Consultancy services to accelerate growth

Consultancy services to accelerate growth 14 July, 2009 – The government will be shelling out USD 9.1m (approx, Nu 432m) to a global management consultancy firm, McKinsey and company, to find ways to accelerate Bhutan’s economic growth.

The project titled ‘Accelerating Bhutan’s Economic Development’ is expected to improve the efficiency and effectiveness of public service delivery in such a way that quality is improved at lower costs of delivery.

Another aim will be to generate jobs for a majority of the 90,000 projected job seekers in the current plan.

All these changes will have to be made in such a way as to have real impact on the ground and can be sustained over a long period of time, according to the government.

“The project will aim for a growth rate of more than 9 percent in the tenth plan,” said the head of the good governance section in the Cabinet Secretariat,

Dr Saamdu Chetri. “The savings the government makes through this project will more than make up for the consultancy cost.”

Dr Saamdu said the project was the initiative of the new government under the prime minister and would mainly focus on economic activities or areas linked to it.

The project will be for 23 months and, in the first three months, McKinsey and Co will study the current situation, identify problems and come out with a blueprint of recommendations for specific sectors. These will include pilot projects, which will be implemented over the next 20 months.

“Once successful, the pilot projects will be adopted in other sectors as well,” said gross national happiness commission (GNHC) secretary, Karma Tshiteem.
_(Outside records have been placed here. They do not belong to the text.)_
lemma zfaD:
  assumes "zfa elts A"
  shows "wf (mem_rel elts)"
    and "\<And>x y. x \<notin> A \<Longrightarrow> y \<notin> A \<Longrightarrow> elts x = elts y \<Longrightarrow> x = y"
    and "\<And>a b. \<exists>y. y \<notin> A \<and> elts y = {a, b}"
    and "\<And>x. \<exists>y. y \<notin> A \<and> elts y = \<Union> (elts ` elts x)"
  using assms unfolding zfa_def by simp_all

lemma elts_osucc:
  assumes "zfa elts A"
  shows "elts (osucc elts A x) = insert x (elts x)"
proof -
  obtain p where "elts p = {x}"
    using zfaD(3)[OF assms, of x x] by auto
  moreover obtain q where "elts q = {x, p}"
    using zfaD(3)[OF assms] by blast
  moreover obtain y where y: "y \<notin> A" "elts y = \<Union> (elts ` elts q)"
    using zfaD(4)[OF assms] by blast
  ultimately have y_succ: "elts y = insert x (elts x)"
    by auto
  have "osucc elts A x = y"
    unfolding osucc_def
    by (rule the_equality) (use y(1) y_succ zfaD(2)[OF assms] in auto)
  then show ?thesis using y_succ by simp
qed

lemma succ_limit_cases [case_names empty succ limit]:
  obtains "elts a = {}"
    | g where "elts a = insert g (elts g)"
    | "elts a \<noteq> {}" "\<not> (\<exists>g\<in>elts a. elts a = insert g (elts g))"
  by blast

locale wf_universe =
  fixes elts :: "'u \<Rightarrow> 'u set" and A :: "'u set" and le :: "'u \<Rightarrow> 'u \<Rightarrow> bool"
  assumes wf_mem_rel: "wf (mem_rel elts)"
begin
The sectors and methodology of the pilot project will be decided in consultation with Bhutanese counterparts. Although not finalised, some of the key areas could be health, education, tourism and agriculture, where interventions are needed. The project consultants started work from July 1 and are currently meeting ministers, secretaries and other senior officials to get an idea of the ground situation.

“This is a unique initiative because usually a consultant’s job is done after handing in the report, but here the company will also be involved in ensuring the successful implementation of their recommendations,” said Dr Saamdu.

The United States, New Zealand, Canada, Kenya and the UK have also used McKinsey to stimulate economic growth. The project will have a high level joint steering committee, led by the prime minister, and consisting of cabinet ministers, secretaries to the government and McKinsey staff.

McKinsey will aim for ‘tight objectives with loose approach,’ where the goals are realistic and achievable, but there are different approaches or techniques to get to the goals with less red tape.

GNHC, which selected McKinsey and company, will implement the project. GNHC will mainly have coordinating functions, as the project will involve many sectors of the government. However, the respective ministries will also have their own implementation responsibility. Dr Saamdu said the company had been advised not to come up with a very commercial model, as in other countries, but to also keep in mind social goals and the philosophy of Gross National Happiness.